Talking+HeadsTo be clear, we would love it if we could just party all the time - I think that we have demonstrated that amply - but we're so much more than that, really. Sure, we can dance up a storm and toss back the whiskey, but hey: we has thoughts, too. Also, ideas. And: more thoughts!

Because that was the other thing that we were doing at BlogHer, when we weren't dancing our asses off or carving up unicorns: we were holding forth with our thoughts. And it was awesome.


You can read most of the live-blog of our panel session at the BlogHer live-blog page (note, however, for the record, that our live-blogger turned up late and missed the first fifteen minutes or so - which is, of course, when we were at our most articulate - and also that her laptop battery died and so she missed a chunk in the middle - which is also when we were at our most articulate, oddly enough. Also note that we weren't exactly transcribed perfectly verbatim, so if some stuff sounds weird... well, blame the technology, not us. Or blame us, but go easy) where you'll find gems of interrogative wisdom like this:

Catherine: Gossip has always been thought of as as something that has always been thought of as a woman thing, but today, the biggest gossip sites are run by men. Women are as fully capable of snark as men are. It would be interesting to to talk about whether gossip is something that is unique to women. What's the pop culture writing and what's the gossip. Is any writing about a celebrity gossip? Are pop culture sites like MamaPop elevating gossip? Reclaiming gossip? Or is it just being repackaged in a more acceptable way?

This actually prompted a really good discussion that is only partially recorded in the live-blog. For example:

Audience: Gossip is a really big struggle for me. I get pitched nasty stuff all the time. I write about celebrities all the time, but I don’t write gossip. US magazine write what it does for us. We perpetuate this whole gossip-centric existence. If we’re writing as feminists (which is how I write), we shouldn’t perpetuate that. The press wants us to, but we can’t.

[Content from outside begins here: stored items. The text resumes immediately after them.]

(* For any generic simple closed curve $\gamma$, the attraction diagram of $\gamma$ and the dual attraction diagram of $\gamma$ contain the same number of essential critical cycles.
   Context: $\gamma\colon S^1\to\mathbb{R}^2$ is a simple regular $C^3$ closed curve parametrized by arc length. A configuration is a pair $(x,y)\in S^1\times S^1$ (human at $\gamma(x)$, puppy at $\gamma(y)$); $D(x,y)=\|\gamma(x)-\gamma(y)\|$. A configuration is critical if $\frac{\partial}{\partial y}D(x,y)=0$ (the main diagonal $x=y$ consisting of critical configurations); critical configurations are stable ($\partial_y^2D>0$), unstable ($\partial_y^2D<0$) or pivot ($\partial_y^2D=0$, $\partial_y^3D\neq0$). Genericity means: finitely many critical configurations for each fixed $x$ and each fixed $y$; every critical configuration is of one of these types; finitely many pivot configurations; $\gamma$ meets its evolute transversely away from its cusps; and the critical set is a union of finitely many pairwise disjoint simple closed curves (critical cycles). The attraction diagram is the decomposition of the torus by the critical set; a critical cycle there is contractible if it bounds a simply connected subset of the torus and essential otherwise. Let $\ell(x,y)$ be the signed distance from $\gamma(x)$ to the directed tangent line to $\gamma$ at $\gamma(y)$ (direction $\gamma'(y)$), positive if $\gamma(x)$ lies to the left of it and negative if to the right. Let $L\colon S^1\times S^1\to S^1\times\mathbb{R}$, $L(x,y)=(y,\ell(x,y))$. The dual attraction diagram is the decomposition of the cylinder $S^1\times\mathbb{R}$ by the set $\{L(x,y): (x,y)\text{ critical}\}$; its critical cycles are the images under $L$ of the critical cycles of the attraction diagram, and such a cycle is essential if it is not contractible in the cylinder. *)

theory Defs
  imports "HOL-Analysis.Analysis"
begin

text \<open>The curve is modelled as an L-periodic map gamma : real => complex (so S^1 = R / L Z,
 identified with the unit circle via t |-> cis (2 pi t / L)); the plane R^2 is identified with C.\<close>

definition dgam :: "(real \<Rightarrow> complex) \<Rightarrow> nat \<Rightarrow> real \<Rightarrow> complex" where
  "dgam \<gamma> k = ((\<lambda>f t. vector_derivative f (at t)) ^^ k) \<gamma>"

definition simple_closed_C3_arclength :: "real \<Rightarrow> (real \<Rightarrow> complex) \<Rightarrow> bool" where
  "simple_closed_C3_arclength L \<gamma> \<longleftrightarrow>
     L > 0 \<and> (\<forall>t. \<gamma> (t + L) = \<gamma> t) \<and> inj_on \<gamma> {0..<L} \<and>
     (\<forall>k<3. \<forall>t. (dgam \<gamma> k has_vector_derivative dgam \<gamma> (Suc k) t) (at t)) \<and>
     continuous_on UNIV (dgam \<gamma> 3) \<and>
     (\<forall>t. norm (dgam \<gamma> 1 t) = 1)"

definition Dist :: "(real \<Rightarrow> complex) \<Rightarrow> real \<Rightarrow> real \<Rightarrow> real" where
  "Dist \<gamma> x y = norm (\<gamma> x - \<gamma> y)"

definition dyD :: "(real \<Rightarrow> complex) \<Rightarrow> nat \<Rightarrow> real \<Rightarrow> real \<Rightarrow> real" where
  "dyD \<gamma> k x y = (deriv ^^ k) (\<lambda>t. Dist \<gamma> x t) y"

definition same_point :: "real \<Rightarrow> real \<Rightarrow> real \<Rightarrow> bool" where
  "same_point L x y \<longleftrightarrow> (\<exists>k::int. y = x + of_int k * L)"

definition critical :: "real \<Rightarrow> (real \<Rightarrow> complex) \<Rightarrow> real \<Rightarrow> real \<Rightarrow> bool" where
  "critical L \<gamma> x y \<longleftrightarrow> same_point L x y \<or> ((\<lambda>t. Dist \<gamma> x t) has_real_derivative 0) (at y)"

definition stable_conf where
  "stable_conf L \<gamma> x y \<longleftrightarrow> critical L \<gamma> x y \<and> dyD \<gamma> 2 x y > 0"
definition unstable_conf where
  "unstable_conf L \<gamma> x y \<longleftrightarrow> critical L \<gamma> x y \<and> dyD \<gamma> 2 x y < 0"
definition pivot_conf where
  "pivot_conf L \<gamma> x y \<longleftrightarrow> critical L \<gamma> x y \<and> dyD \<gamma> 2 x y = 0 \<and> dyD \<gamma> 3 x y \<noteq> 0"

text \<open>signed curvature, evolute (defined where the curvature is nonzero), its cusps are where
 the derivative of the curvature vanishes\<close>
definition curv :: "(real \<Rightarrow> complex) \<Rightarrow> real \<Rightarrow> real" where
  "curv \<gamma> t = Im (cnj (dgam \<gamma> 1 t) * dgam \<gamma> 2 t)"
definition evolute :: "(real \<Rightarrow> complex) \<Rightarrow> real \<Rightarrow> complex" where
  "evolute \<gamma> t = \<gamma> t + (\<i> * dgam \<gamma> 1 t) / complex_of_real (curv \<gamma> t)"

definition meets_evolute_transversely :: "real \<Rightarrow> (real \<Rightarrow> complex) \<Rightarrow> bool" where
  "meets_evolute_transversely L \<gamma> \<longleftrightarrow>
     (\<forall>s t. curv \<gamma> t \<noteq> 0 \<and> deriv (curv \<gamma>) t \<noteq> 0 \<and> \<gamma> s = evolute \<gamma> t \<longrightarrow>
        Im (cnj (dgam \<gamma> 1 s) * vector_derivative (evolute \<gamma>) (at t)) \<noteq> 0)"

definition torus :: "(complex \<times> complex) set" where
  "torus = sphere 0 1 \<times> sphere 0 1"
definition cylinder :: "(complex \<times> real) set" where
  "cylinder = sphere 0 1 \<times> UNIV"
definition circ :: "real \<Rightarrow> real \<Rightarrow> complex" where
  "circ L x = cis (2 * pi * x / L)"
definition Etor :: "real \<Rightarrow> real \<times> real \<Rightarrow> complex \<times> complex" where
  "Etor L p = (circ L (fst p), circ L (snd p))"

definition crit_set :: "real \<Rightarrow> (real \<Rightarrow> complex) \<Rightarrow> (complex \<times> complex) set" where
  "crit_set L \<gamma> = Etor L ` {(x, y). critical L \<gamma> x y}"

definition generic :: "real \<Rightarrow> (real \<Rightarrow> complex) \<Rightarrow> bool" where
  "generic L \<gamma> \<longleftrightarrow>
     (\<forall>x. finite {y \<in> {0..<L}. critical L \<gamma> x y}) \<and>
     (\<forall>y. finite {x \<in> {0..<L}. critical L \<gamma> x y}) \<and>
     (\<forall>x y. critical L \<gamma> x y \<and> \<not> same_point L x y \<longrightarrow>
        stable_conf L \<gamma> x y \<or> unstable_conf L \<gamma> x y \<or> pivot_conf L \<gamma> x y) \<and>
     finite {(x, y). x \<in> {0..<L} \<and> y \<in> {0..<L} \<and> pivot_conf L \<gamma> x y} \<and>
     meets_evolute_transversely L \<gamma> \<and>
     (\<exists>\<C>. finite \<C> \<and> disjoint \<C> \<and> (\<forall>C\<in>\<C>. C homeomorphic (sphere (0::complex) 1)) \<and>
          \<Union>\<C> = crit_set L \<gamma>)"

definition crit_cycles :: "real \<Rightarrow> (real \<Rightarrow> complex) \<Rightarrow> (complex \<times> complex) set set" where
  "crit_cycles L \<gamma> = components (crit_set L \<gamma>)"

text \<open>contractible = bounds a simply connected subset of the torus (a union of components of the
 complement, i.e. a relatively open set whose frontier is the cycle)\<close>
definition contractible_in_torus :: "(complex \<times> complex) set \<Rightarrow> bool" where
  "contractible_in_torus C \<longleftrightarrow>
     (\<exists>U. openin (top_of_set torus) U \<and> simply_connected U \<and> closure U - U = C)"

definition ell :: "(real \<Rightarrow> complex) \<Rightarrow> real \<Rightarrow> real \<Rightarrow> real" where
  "ell \<gamma> x y =
     (if Im (cnj (dgam \<gamma> 1 y) * (\<gamma> x - \<gamma> y)) \<ge> 0 then 1 else -1) *
     infdist (\<gamma> x) {\<gamma> y + of_real s * dgam \<gamma> 1 y | s. True}"

text \<open>L on the torus: (u,v) = (circ x, circ y) |-> (circ y, ell x y)\<close>
definition Ltor :: "real \<Rightarrow> (real \<Rightarrow> complex) \<Rightarrow> complex \<times> complex \<Rightarrow> complex \<times> real" where
  "Ltor L \<gamma> z = (snd z, ell \<gamma> (SOME x. circ L x = fst z) (SOME y. circ L y = snd z))"

text \<open>the image under L of a critical cycle C (parametrised by a homeomorphism from the circle)
 is essential iff that loop is not null-homotopic in the cylinder\<close>
definition dual_essential :: "real \<Rightarrow> (real \<Rightarrow> complex) \<Rightarrow> (complex \<times> complex) set \<Rightarrow> bool" where
  "dual_essential L \<gamma> C \<longleftrightarrow>
     (\<exists>p q. homeomorphism (sphere (0::complex) 1) C p q \<and>
        \<not> (\<exists>c. homotopic_with_canon (\<lambda>_. True) (sphere 0 1) cylinder (Ltor L \<gamma> \<circ> p) (\<lambda>_. c)))"

end

theory Submission
  imports Defs "HOL-Complex_Analysis.Riemann_Mapping" "HOL-Library.Periodic_Fun" "HOL-Library.Real_Mod"
begin

text \<open>Both properties of a critical cycle \<open>C\<close> turn out to be equivalent to the puppy coordinate
  \<open>(u, v) \<mapsto> v\<close> restricted to \<open>C\<close> being an essential map \<open>C \<rightarrow> S\<^sup>1\<close>.

  On the dual side this holds because \<open>L = (v, \<ell>)\<close> and the factor \<open>\<real>\<close> of the cylinder is
  contractible. On the torus, the diagonal is a critical cycle, essential and not contractible.
  Its complement is homeomorphic to the punctured plane, the puppy coordinate becoming \<open>z / |z|\<close>,
  so every other cycle becomes a Jordan curve \<open>J\<close> in \<open>\<complex> - {0}\<close>, and by Borsuk's theorem the
  map is essential iff \<open>0\<close> lies inside \<open>J\<close>. If it does, the complement of \<open>C\<close> is connected and
  contains the diagonal loop, so \<open>C\<close> bounds no simply connected region; otherwise the image of
  the inside of \<open>J\<close> is a disc bounded by \<open>C\<close>.\<close>

section \<open>Nullhomotopic maps and circles\<close>

definition nullhomotopic :: "'a::topological_space set \<Rightarrow> 'b::topological_space set \<Rightarrow> ('a \<Rightarrow> 'b) \<Rightarrow> bool"
  where "nullhomotopic S T f \<longleftrightarrow> (\<exists>c. homotopic_with_canon (\<lambda>_. True) S T f (\<lambda>_. c))"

Catherine: Why do I dislike Gwenyth Paltrow so much? I’ve written about it on MamaPop. If I’m writing about who she’s sleeping with, that would be gossip. If I’m writing about why I dislike her so much, I think that’s okay. Do I really have to be really supportive of every woman out there? Can we talk about celebrities, male and female, without being gossipy.

And:

Audience: Gossip doesn’t have to be mean. I think it’s just that gossip could be untrue. I have to remember that these people are human beings. I try to remember that. I can attack their work, but they are still human beings. I’ve noticed, especially at Perez Hilton, that there’s a headline like “Chris Brown apologizes” but then when you click on it, it takes you somewhere else. I met someone last night who writes a gossip site, but it’s fun. It’s not down and dirty gossip.

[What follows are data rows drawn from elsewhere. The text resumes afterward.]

(* Let $q\geq4$ be an even integer and let $(X,\{R_i\}_{i=0}^3)$ be a symmetric 3-class association scheme with adjacency matrices $A_0=I,A_1,A_2,A_3$, intersection numbers $p_{ij}^k$, and first eigenmatrix \[ P=\begin{bmatrix}1&\frac{q^2}{2}-q&\frac{q^2}{2}&q-2\\ 1&\frac q2&-\frac q2&-1\\ 1&-\frac q2+1&-\frac q2&q-2\\ 1&-\frac q2&\frac q2&-1\end{bmatrix}. \] Let $W=I+\sum_{i=1}^3w_iA_i$ be a type-II matrix. Then \[ H(W)=\{w_i^{\pm2}\mid i=1,2,3\}\cup\left\{\left(\frac{w_{i_1}w_{i_2}}{w_{i_3}}\right)^{\pm1}\;\middle|\;1\leq i_1,i_2,i_3\leq3,\ p_{i_2,i_3}^{i_1}>0\right\}\cup\left\{\frac{w_{i_1}w_{i_2}}{w_{j_1}w_{j_2}}\;\middle|\;i_1,i_2,j_1,j_2\in\{1,2,3\}\right\}. \]
   Context: An association scheme $(X,\{R_i\}_{i=0}^d)$ is a partition of $X\times X$ into relations $R_0=\{(x,x)\}$, $R_1,\dots,R_d$ such that for $(x,y)\in R_k$ the number $p_{ij}^k=|\{z:(x,z)\in R_i,(z,y)\in R_j\}|$ depends only on $i,j,k$; symmetric means each $R_i$ is symmetric; $A_i$ is the $(0,1)$-matrix of $R_i$. With primitive idempotents $E_0=\frac1{|X|}J,E_1,E_2,E_3$ of the span of the $A_i$, the first eigenmatrix is defined by $A_j=\sum_iP_{i,j}E_i$ (here $|X|=q^2-1$; the intersection numbers are determined by $P$). A type-II matrix is a square matrix $W$ of order $n$ with nonzero complex entries such that $W(W^{(-)})^\top=nI$, $W^{(-)}$ the entrywise inverse. The Haagerup set of $W$ (indexed by $X$) is \[ H(W)=\left\{\frac{W_{x_1,y_1}W_{x_2,y_2}}{W_{x_1,y_2}W_{x_2,y_1}}\;\middle|\;x_1,x_2,y_1,y_2\in X\right\}. \] *)

theory Defs
  imports Complex_Main
begin

text \<open>An association scheme with d classes on a finite carrier X is given by a
  relation-index function R: R x y = i means (x,y) in R_i.\<close>

definition assoc_scheme :: "'a set \<Rightarrow> ('a \<Rightarrow> 'a \<Rightarrow> nat) \<Rightarrow> nat \<Rightarrow> bool" where
  "assoc_scheme X R d \<longleftrightarrow>
     finite X \<and> X \<noteq> {} \<and>
     (\<forall>x\<in>X. \<forall>y\<in>X. R x y \<le> d) \<and>
     (\<forall>x\<in>X. \<forall>y\<in>X. R x y = 0 \<longleftrightarrow> x = y) \<and>
     (\<forall>i\<le>d. \<exists>x\<in>X. \<exists>y\<in>X. R x y = i) \<and>
     (\<forall>i\<le>d. \<forall>j\<le>d. \<forall>x\<in>X. \<forall>y\<in>X. \<forall>x'\<in>X. \<forall>y'\<in>X.
        R x y = R x' y' \<longrightarrow>
        card {z\<in>X. R x z = i \<and> R z y = j} = card {z\<in>X. R x' z = i \<and> R z y' = j})"

definition symmetric_scheme :: "'a set \<Rightarrow> ('a \<Rightarrow> 'a \<Rightarrow> nat) \<Rightarrow> bool" where
  "symmetric_scheme X R \<longleftrightarrow> (\<forall>x\<in>X. \<forall>y\<in>X. R x y = R y x)"

text \<open>Intersection number p_{ij}^k (well defined for an association scheme).\<close>
definition inter_num :: "'a set \<Rightarrow> ('a \<Rightarrow> 'a \<Rightarrow> nat) \<Rightarrow> nat \<Rightarrow> nat \<Rightarrow> nat \<Rightarrow> nat" where
  "inter_num X R i j k =
     (let (x, y) = (SOME (x, y). x \<in> X \<and> y \<in> X \<and> R x y = k)
      in card {z\<in>X. R x z = i \<and> R z y = j})"

text \<open>Adjacency matrix A_i (complex matrices are functions on X \<times> X).\<close>
definition adj :: "('a \<Rightarrow> 'a \<Rightarrow> nat) \<Rightarrow> nat \<Rightarrow> 'a \<Rightarrow> 'a \<Rightarrow> complex" where
  "adj R i x y = (if R x y = i then 1 else 0)"

definition mmult :: "'a set \<Rightarrow> ('a \<Rightarrow> 'a \<Rightarrow> complex) \<Rightarrow> ('a \<Rightarrow> 'a \<Rightarrow> complex) \<Rightarrow> 'a \<Rightarrow> 'a \<Rightarrow> complex" where
  "mmult X M N x y = (\<Sum>z\<in>X. M x z * N z y)"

Tracey: One of the things that we’re trying to do is make it about the writing. It doesn’t matter whether you agree with us or not or whether you like what we’re saying or not, it’s still high quality writing that’s great and interesting and funny. It has substance.

And:

Tracey: (continuing on theme of feminism and gossip) We’re not just about women or for women. It’s parents. The men and women who write for the site come from the feminist gossip mindset, but I’m very uncomfortable putting any kind of label on it. It’s clear when you read the site who we are and what we think and that we are very opinionated women and men-

Catherine: -- who don’t like Gwyneth Paltrow.

And:

Audience: There was something that came up in the Palin discussion yesterday that I’d like to hear your thoughts on. What do you do when a woman does something that sets women back? Where do you draw the line?

Amy: I call them on it. It’s not like Paris Hilton is going to come to my house.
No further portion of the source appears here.